-- RECORDS FOR THIS EXERCISE follows --

lemma lincomb_bounded:
  assumes "\<And>s. s \<in> snd ` set L \<Longrightarrow> \<exists>C. \<forall>f\<in>U. \<bar>s f\<bar> \<le> C"
  shows "\<exists>C. \<forall>f\<in>U. \<bar>lincomb L f\<bar> \<le> C"
  using assms
proof (induct L)
  case Nil
  then show ?case by auto
next
  case (Cons p L)
  then obtain C1 where C1: "\<forall>f\<in>U. \<bar>lincomb L f\<bar> \<le> C1" by auto
  obtain C2 where C2: "\<forall>f\<in>U. \<bar>snd p f\<bar> \<le> C2" using Cons.prems by auto
  have "\<bar>lincomb (p # L) f\<bar> \<le> \<bar>fst p\<bar> * C2 + C1" if "f \<in> U" for f
  proof -
    have "\<bar>lincomb (p # L) f\<bar> \<le> \<bar>fst p\<bar> * \<bar>snd p f\<bar> + \<bar>lincomb L f\<bar>"
      using abs_triangle_ineq[of "fst p * snd p f" "lincomb L f"] by (simp add: abs_mult)
    also have "\<dots> \<le> \<bar>fst p\<bar> * C2 + C1" using C1 C2 that by (intro add_mono mult_left_mono) auto
    finally show ?thesis .
  qed
  then show ?case by blast
qed

lemma dual_closed_span_bounded:
  assumes "\<And>s. s \<in> S \<Longrightarrow> \<exists>C. \<forall>f\<in>U. \<bar>s f\<bar> \<le> C" and "\<phi> \<in> dual_closed_span W U S"
  shows "\<exists>C. \<forall>f\<in>U. \<bar>\<phi> f\<bar> \<le> C"
proof -
  obtain L where L: "snd ` set L \<subseteq> S" "\<forall>f\<in>U. \<bar>\<phi> f - lincomb L f\<bar> \<le> 1"
    using assms(2) unfolding dual_closed_span_iff_lincomb by (meson zero_less_one)
  obtain C where "\<forall>f\<in>U. \<bar>lincomb L f\<bar> \<le> C" using lincomb_bounded[of L U] L(1) assms(1) by blast
  then have "\<forall>f\<in>U. \<bar>\<phi> f\<bar> \<le> 1 + C" using L(2) by force
  then show ?thesis by blast
qed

-- RECORDS FOR THIS EXERCISE concluded --

THE PROBLEM: Produce an exact copy of all the records.

RESULT BELOW:
lemma lincomb_bounded:
  assumes "\<And>s. s \<in> snd ` set L \<Longrightarrow> \<exists>C. \<forall>f\<in>U. \<bar>s f\<bar> \<le> C"
  shows "\<exists>C. \<forall>f\<in>U. \<bar>lincomb L f\<bar> \<le> C"
  using assms
proof (induct L)
  case Nil
  then show ?case by auto
next
  case (Cons p L)
  then obtain C1 where C1: "\<forall>f\<in>U. \<bar>lincomb L f\<bar> \<le> C1" by auto
  obtain C2 where C2: "\<forall>f\<in>U. \<bar>snd p f\<bar> \<le> C2" using Cons.prems by auto
  have "\<bar>lincomb (p # L) f\<bar> \<le> \<bar>fst p\<bar> * C2 + C1" if "f \<in> U" for f
  proof -
    have "\<bar>lincomb (p # L) f\<bar> \<le> \<bar>fst p\<bar> * \<bar>snd p f\<bar> + \<bar>lincomb L f\<bar>"
      using abs_triangle_ineq[of "fst p * snd p f" "lincomb L f"] by (simp add: abs_mult)
    also have "\<dots> \<le> \<bar>fst p\<bar> * C2 + C1" using C1 C2 that by (intro add_mono mult_left_mono) auto
    finally show ?thesis .
  qed
  then show ?case by blast
qed

lemma dual_closed_span_bounded:
  assumes "\<And>s. s \<in> S \<Longrightarrow> \<exists>C. \<forall>f\<in>U. \<bar>s f\<bar> \<le> C" and "\<phi> \<in> dual_closed_span W U S"
  shows "\<exists>C. \<forall>f\<in>U. \<bar>\<phi> f\<bar> \<le> C"
proof -
  obtain L where L: "snd ` set L \<subseteq> S" "\<forall>f\<in>U. \<bar>\<phi> f - lincomb L f\<bar> \<le> 1"
    using assms(2) unfolding dual_closed_span_iff_lincomb by (meson zero_less_one)
  obtain C where "\<forall>f\<in>U. \<bar>lincomb L f\<bar> \<le> C" using lincomb_bounded[of L U] L(1) assms(1) by blast
  then have "\<forall>f\<in>U. \<bar>\<phi> f\<bar> \<le> 1 + C" using L(2) by force
  then show ?thesis by blast
qed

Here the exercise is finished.